_EXERCISE REQUIREMENTS:_
Across all entries below, how many lines include "prems"? Only the number, please.

Collected data
(* For positive integers $n,k$, $F(n,k)=k(n-1)$.
   Context: Graphs are finite, loopless, possibly with multiple edges. $\kappa'(G)$ is the edge connectivity and $\overline{\kappa'}(G)=\max\{\kappa'(H): H \text{ a subgraph of } G\}$. $F(n,k)$ denotes the maximum number of edges of a graph $G$ on $n$ vertices with $\overline{\kappa'}(G)\le k$. *)

theory Defs
  imports Main "HOL-Library.Multiset"
begin

definition multigraph :: "'a set \<Rightarrow> 'a set multiset \<Rightarrow> bool" where
  "multigraph V E \<longleftrightarrow> finite V \<and>
     (\<forall>e \<in># E. \<exists>u v. e = {u, v} \<and> u \<noteq> v \<and> u \<in> V \<and> v \<in> V)"

definition adj :: "'a set multiset \<Rightarrow> ('a \<times> 'a) set" where
  "adj E = {(u, v). {u, v} \<in># E}"

definition connected_mg :: "'a set \<Rightarrow> 'a set multiset \<Rightarrow> bool" where
  "connected_mg V E \<longleftrightarrow> (\<forall>u \<in> V. \<forall>v \<in> V. (u, v) \<in> (adj E)\<^sup>*)"

definition edge_conn :: "'a set \<Rightarrow> 'a set multiset \<Rightarrow> nat" where
  "edge_conn V E = (if card V \<le> 1 then 0
     else (LEAST k. \<exists>F. F \<subseteq># E \<and> size F = k \<and> \<not> connected_mg V (E - F)))"

definition subgraph :: "'a set \<Rightarrow> 'a set multiset \<Rightarrow> 'a set \<Rightarrow> 'a set multiset \<Rightarrow> bool" where
  "subgraph V' E' V E \<longleftrightarrow> V' \<subseteq> V \<and> E' \<subseteq># E \<and> multigraph V' E'"

definition max_edge_conn :: "'a set \<Rightarrow> 'a set multiset \<Rightarrow> nat" where
  "max_edge_conn V E = Max {edge_conn V' E' | V' E'. subgraph V' E' V E}"

text \<open>F(n,k): maximum number of edges of a multigraph on n vertices with
  max_edge_conn at most k (vertices taken from nat; the notion is invariant
  under renaming vertices).\<close>
definition F :: "nat \<Rightarrow> nat \<Rightarrow> nat" where
  "F n k = Max {size E | (V :: nat set) E. multigraph V E \<and> card V = n \<and> max_edge_conn V E \<le> k}"

end

theory Submission
  imports Defs
begin

text \<open>Upper bound, by induction on the number of vertices: a minimum cut of G has at most
  k edges and splits G into two smaller graphs on complementary vertex sets, each again
  without a subgraph of edge connectivity above k; the bound k(|A|-1) + k(|B|-1) + k
  for the two sides and the cut adds up to k(|V|-1). Lower bound: the star on n vertices
  with every edge taken k times has k(n-1) edges, and every subgraph with at least two
  vertices contains a leaf of degree at most k, whose incident edges form a cut.\<close>

lemma card_gt_1_obtains_other:
  assumes "1 < card V"
  obtains v where "v \<in> V" "v \<noteq> u"
proof (rule ccontr)
  assume "\<not> thesis"
  with that have "V \<subseteq> {u}" by blast
  then have "card V \<le> 1" using card_mono[of "{u}" V] by simp
  with assms(1) show False by simp
qed

lemma card_gt_1_not_connected_mg_empty:
  assumes "1 < card V"
  shows "\<not> connected_mg V {#}"
proof -
  have "V \<noteq> {}" using assms by auto
  then obtain u where "u \<in> V" by blast
  obtain v where "v \<in> V" "v \<noteq> u" by (rule card_gt_1_obtains_other[OF assms])
  moreover have "(u, v) \<notin> (adj {#})\<^sup>*" using \<open>v \<noteq> u\<close> by (simp add: adj_def)
  ultimately show ?thesis unfolding connected_mg_def using \<open>u \<in> V\<close> by blast
qed

lemma multigraph_card_le_1_no_edges:
  assumes "multigraph V E" "card V \<le> 1"
  shows "E = {#}"
proof (rule ccontr)
  assume "E \<noteq> {#}"
  then obtain e where "e \<in># E" by blast
  then obtain u v where "u \<noteq> v" "u \<in> V" "v \<in> V" using assms(1) unfolding multigraph_def by blast
  moreover have "finite V" using assms(1) unfolding multigraph_def by blast
  ultimately have "card {u, v} \<le> card V" by (intro card_mono) auto
  with \<open>u \<noteq> v\<close> assms(2) show False by simp
qed

lemma edge_conn_le_cut:
  assumes "C \<subseteq># E" "\<not> connected_mg V (E - C)"
  shows "edge_conn V E \<le> size C"
proof -
  have "(LEAST k. \<exists>F. F \<subseteq># E \<and> size F = k \<and> \<not> connected_mg V (E - F)) \<le> size C"
    using assms by (intro Least_le exI[of _ C]) simp
  then show ?thesis unfolding edge_conn_def by simp
qed

lemma edge_conn_le_size: "edge_conn V E \<le> size E"
proof (cases "card V \<le> 1")
  case True
  then show ?thesis unfolding edge_conn_def by simp
next
  case False
  then have "\<not> connected_mg V (E - E)"
    using card_gt_1_not_connected_mg_empty[of V] by simp
  then show ?thesis by (rule edge_conn_le_cut[rotated]) simp
qed

lemma edge_conn_minimum_cut:
  assumes "1 < card V"
  obtains C where "C \<subseteq># E" "size C = edge_conn V E" "\<not> connected_mg V (E - C)"
proof -
  have "\<exists>k. \<exists>F. F \<subseteq># E \<and> size F = k \<and> \<not> connected_mg V (E - F)"
    using card_gt_1_not_connected_mg_empty[OF assms] by (intro exI[of _ "size E"] exI[of _ E]) simp
  from LeastI_ex[OF this] assms that show thesis
    unfolding edge_conn_def by auto
qed

lemma edge_conn_le_degree:
  assumes "m \<in> V"
  shows "edge_conn V E \<le> size (filter_mset (\<lambda>e. m \<in> e) E)"
proof (cases "card V \<le> 1")
  case True
  then show ?thesis unfolding edge_conn_def by simp
next
  case False
  obtain w where w: "w \<in> V" "w \<noteq> m"
    by (rule card_gt_1_obtains_other[of V m]) (use False in linarith)
  let ?F = "filter_mset (\<lambda>e. m \<in> e) E"
  have rest: "E - ?F = filter_mset (\<lambda>e. m \<notin> e) E"
    by (metis add_diff_cancel_left' multiset_partition)
  have "(m, w) \<notin> (adj (E - ?F))\<^sup>*"
  proof
    assume "(m, w) \<in> (adj (E - ?F))\<^sup>*"
    then show False
    proof (cases rule: converse_rtranclE)
      case (step y)
      then show False unfolding adj_def rest by simp
    qed (use w in simp)
  qed
  then have "\<not> connected_mg V (E - ?F)" unfolding connected_mg_def using assms w by blast
  then show ?thesis by (intro edge_conn_le_cut) simp_all
qed

lemma subgraph_refl: "multigraph V E \<Longrightarrow> subgraph V E V E"
  unfolding subgraph_def by simp

lemma subgraph_trans:
  "subgraph V'' E'' V' E' \<Longrightarrow> subgraph V' E' V E \<Longrightarrow> subgraph V'' E'' V E"
  unfolding subgraph_def by (meson order_trans subset_mset.order_trans)

lemma multigraph_restrict:
  assumes "multigraph V E" "W \<subseteq> V"
  shows "multigraph W (filter_mset (\<lambda>e. e \<subseteq> W) E)"
  using assms finite_subset unfolding multigraph_def by fastforce

lemma finite_edge_conns_of_subgraphs:
  "finite {edge_conn V' E' | V' E'. subgraph V' E' V E}"
proof (rule finite_subset)
  show "{edge_conn V' E' | V' E'. subgraph V' E' V E} \<subseteq> {..size E}"
  proof
    fix x assume "x \<in> {edge_conn V' E' | V' E'. subgraph V' E' V E}"
    then obtain V' E' where "x = edge_conn V' E'" "E' \<subseteq># E" unfolding subgraph_def by blast
    then show "x \<in> {..size E}" using edge_conn_le_size[of V' E'] size_mset_mono[of E' E] by simp
  qed
qed simp

lemma max_edge_conn_le_iff:
  "max_edge_conn V E \<le> k \<longleftrightarrow> (\<forall>V' E'. subgraph V' E' V E \<longrightarrow> edge_conn V' E' \<le> k)"
proof -
  have "subgraph {} {#} V E" unfolding subgraph_def multigraph_def by simp
  then have nonempty: "{edge_conn V' E' | V' E'. subgraph V' E' V E} \<noteq> {}" by blast
  show ?thesis
    unfolding max_edge_conn_def Max_le_iff[OF finite_edge_conns_of_subgraphs nonempty] by blast
qed

lemma max_edge_conn_subgraph_le:
  "subgraph V' E' V E \<Longrightarrow> max_edge_conn V E \<le> k \<Longrightarrow> max_edge_conn V' E' \<le> k"
  unfolding max_edge_conn_le_iff by (meson subgraph_trans)

lemma disconnected_mg_split:
  assumes "multigraph V G" "\<not> connected_mg V G"
  obtains A where "A \<subseteq> V" "A \<noteq> {}" "A \<noteq> V" "\<forall>e \<in># G. e \<subseteq> A \<or> e \<subseteq> V - A"
proof -
  obtain a b where ab: "a \<in> V" "b \<in> V" "(a, b) \<notin> (adj G)\<^sup>*"
    using assms(2) unfolding connected_mg_def by blast
  define A where "A = {w \<in> V. (a, w) \<in> (adj G)\<^sup>*}"
  have closed: "y \<in> A" if "x \<in> A" "{x, y} \<in># G" "y \<in> V" for x y
  proof -
    have "(x, y) \<in> adj G" using that(2) unfolding adj_def by simp
    with that(1) have "(a, y) \<in> (adj G)\<^sup>*" unfolding A_def by (blast intro: rtrancl_into_rtrancl)
    with that(3) show ?thesis unfolding A_def by simp
  qed
  have "e \<subseteq> A \<or> e \<subseteq> V - A" if "e \<in># G" for e
  proof -
    obtain x y where e: "e = {x, y}" "x \<in> V" "y \<in> V"
      using assms(1) \<open>e \<in># G\<close> unfolding multigraph_def by blast
    have "{y, x} \<in># G" using \<open>e \<in># G\<close> unfolding e by (simp add: insert_commute)
    then have "x \<in> A \<longleftrightarrow> y \<in> A" using closed \<open>e \<in># G\<close> e by blast
    then show ?thesis using e by blast
  qed
  moreover have "a \<in> A" "b \<notin> A" "A \<subseteq> V" unfolding A_def using ab by auto
  ultimately show thesis using that ab(2) by blast
qed

lemma size_le_if_max_edge_conn_le:
  assumes "multigraph V E" "max_edge_conn V E \<le> k"
  shows "size E \<le> k * (card V - 1)"
  using assms
proof (induction "card V" arbitrary: V E rule: less_induct)
  case less
  have fin: "finite V" using less.prems(1) unfolding multigraph_def by blast
  show ?case
  proof (cases "card V \<le> 1")
    case True
    then show ?thesis using multigraph_card_le_1_no_edges[OF less.prems(1)] by simp
  next
    case False
    then obtain C where C: "C \<subseteq># E" "size C = edge_conn V E" "\<not> connected_mg V (E - C)"
      using edge_conn_minimum_cut by (metis not_le)
    have "size C \<le> k"
      using C(2) less.prems subgraph_refl max_edge_conn_le_iff by metis
    define G where "G = E - C"
    have "multigraph V G"
      using less.prems(1) unfolding G_def multigraph_def by (meson in_diffD)
    then obtain A where A: "A \<subseteq> V" "A \<noteq> {}" "A \<noteq> V" "\<forall>e \<in># G. e \<subseteq> A \<or> e \<subseteq> V - A"
      using disconnected_mg_split C(3) unfolding G_def by blast
    define B where "B = V - A"
    have "E = G + C" unfolding G_def using C(1) by simp
    then have "G \<subseteq># E" by simp
    then have sub_E: "subgraph W (filter_mset (\<lambda>e. e \<subseteq> W) G) V E" if "W \<subseteq> V" for W
      unfolding subgraph_def using that multigraph_restrict[OF \<open>multigraph V G\<close> that]
        subset_mset.order_trans[OF multiset_filter_subset] by simp
    have bound: "size (filter_mset (\<lambda>e. e \<subseteq> W) G) \<le> k * (card W - 1)"
      if "W \<subseteq> V" "W \<noteq> V" for W
      using less.hyps[OF psubset_card_mono[OF fin] multigraph_restrict[OF \<open>multigraph V G\<close>]]
        max_edge_conn_subgraph_le[OF sub_E less.prems(2)] that by blast
    have edges_nonempty: "e \<noteq> {}" if "e \<in># G" for e
      using \<open>multigraph V G\<close> that unfolding multigraph_def by blast
    have "filter_mset (\<lambda>e. \<not> e \<subseteq> A) G = filter_mset (\<lambda>e. e \<subseteq> B) G"
    proof (rule filter_mset_cong[OF refl])
      fix e assume "e \<in># G"
      then show "\<not> e \<subseteq> A \<longleftrightarrow> e \<subseteq> B"
        using A(4) edges_nonempty[of e] unfolding B_def by blast
    qed
    then have "size E = size (filter_mset (\<lambda>e. e \<subseteq> A) G) + size (filter_mset (\<lambda>e. e \<subseteq> B) G) + size C"
      using \<open>E = G + C\<close> multiset_partition[of G "\<lambda>e. e \<subseteq> A"] by (metis size_union)
    also have "\<dots> \<le> k * (card A - 1) + k * (card B - 1) + k"
      using bound[of A] bound[of B] A \<open>size C \<le> k\<close> unfolding B_def by (intro add_mono) auto
    also have "\<dots> = k * (card V - 1)"
    proof -
      have "finite A" using A(1) fin by (rule finite_subset)
      have "card A + card B = card V"
        unfolding B_def using card_Diff_subset[OF \<open>finite A\<close> A(1)] card_mono[OF fin A(1)] by simp
      moreover have "card A > 0" using A(2) \<open>finite A\<close> by (simp add: card_gt_0_iff)
      moreover have "card B > 0" using A(1,3) fin unfolding B_def by (auto simp: card_gt_0_iff)
      ultimately have "card V - 1 = (card A - 1) + (card B - 1) + 1" by arith
      then show ?thesis by (simp add: distrib_left)
    qed
    finally show ?thesis .
  qed
qed

definition multistar :: "nat \<Rightarrow> nat \<Rightarrow> nat set multiset" where
  "multistar n k = (\<Sum>i\<in>{1..<n}. replicate_mset k {0, i})"

lemma filter_mset_sum: "filter_mset P (\<Sum>i\<in>A. f i) = (\<Sum>i\<in>A. filter_mset P (f i))"
  by (induction A rule: infinite_finite_induct) auto

lemma filter_mset_replicate_mset:
  "filter_mset P (replicate_mset k x) = (if P x then replicate_mset k x else {#})"
  by (induction k) auto

lemma multigraph_multistar: "multigraph {0..<n} (multistar n k)"
  unfolding multigraph_def
proof (intro conjI ballI)
  fix e assume "e \<in># multistar n k"
  then obtain i where "i \<in> {1..<n}" "e = {0, i}"
    by (auto simp: multistar_def set_mset_sum split: if_splits)
  then show "\<exists>u v. e = {u, v} \<and> u \<noteq> v \<and> u \<in> {0..<n} \<and> v \<in> {0..<n}"
    by (intro exI[of _ 0] exI[of _ i]) auto
qed simp

lemma size_multistar: "size (multistar n k) = k * (n - 1)"
  unfolding multistar_def by simp

lemma degree_multistar:
  assumes "m \<in> {1..<n}"
  shows "size (filter_mset (\<lambda>e. m \<in> e) (multistar n k)) = k"
proof -
  have "filter_mset (\<lambda>e. m \<in> e) (multistar n k)
      = (\<Sum>i\<in>{1..<n}. if i = m then replicate_mset k {0, m} else {#})"
    unfolding multistar_def filter_mset_sum filter_mset_replicate_mset
    using assms by (intro sum.cong) auto
  then show ?thesis using assms by simp
qed

lemma max_edge_conn_multistar: "max_edge_conn {0..<n} (multistar n k) \<le> k"
  unfolding max_edge_conn_le_iff
proof (intro allI impI)
  fix V E assume "subgraph V E {0..<n} (multistar n k)"
  then have V: "V \<subseteq> {0..<n}" and E: "E \<subseteq># multistar n k" unfolding subgraph_def by auto
  show "edge_conn V E \<le> k"
  proof (cases "card V \<le> 1")
    case True
    then show ?thesis unfolding edge_conn_def by simp
  next
    case False
    obtain m where m: "m \<in> V" "m \<noteq> 0"
      by (rule card_gt_1_obtains_other[of V 0]) (use False in linarith)
    have "edge_conn V E \<le> size (filter_mset (\<lambda>e. m \<in> e) E)"
      by (rule edge_conn_le_degree[OF m(1)])
    also have "\<dots> \<le> size (filter_mset (\<lambda>e. m \<in> e) (multistar n k))"
      by (rule size_mset_mono[OF multiset_filter_mono[OF E]])
    also have "\<dots> = k" using m V by (intro degree_multistar) auto
    finally show ?thesis .
  qed
qed

theorem corollary3p6:
  fixes n k :: nat
  assumes "n \<ge> 1" and "k \<ge> 1"
  shows "F n k = k * (n - 1)"
proof -
  let ?S = "{size E | (V :: nat set) E. multigraph V E \<and> card V = n \<and> max_edge_conn V E \<le> k}"
  have bounded: "s \<le> k * (n - 1)" if "s \<in> ?S" for s
  proof -
    from that obtain V :: "nat set" and E
      where "s = size E" "multigraph V E" "card V = n" "max_edge_conn V E \<le> k" by blast
    then show ?thesis using size_le_if_max_edge_conn_le[of V E k] by simp
  qed
  have finite: "finite ?S" by (rule finite_subset[of _ "{..k * (n - 1)}"]) (use bounded in auto)
  have attained: "k * (n - 1) \<in> ?S"
    using multigraph_multistar[of n k] size_multistar[of n k] max_edge_conn_multistar[of n k]
    by (intro CollectI exI[of _ "{0..<n}"] exI[of _ "multistar n k"]) simp
  show ?thesis unfolding F_def by (rule Max_eqI[OF finite bounded attained])
qed

end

_EXERCISE SOLUTION:_
5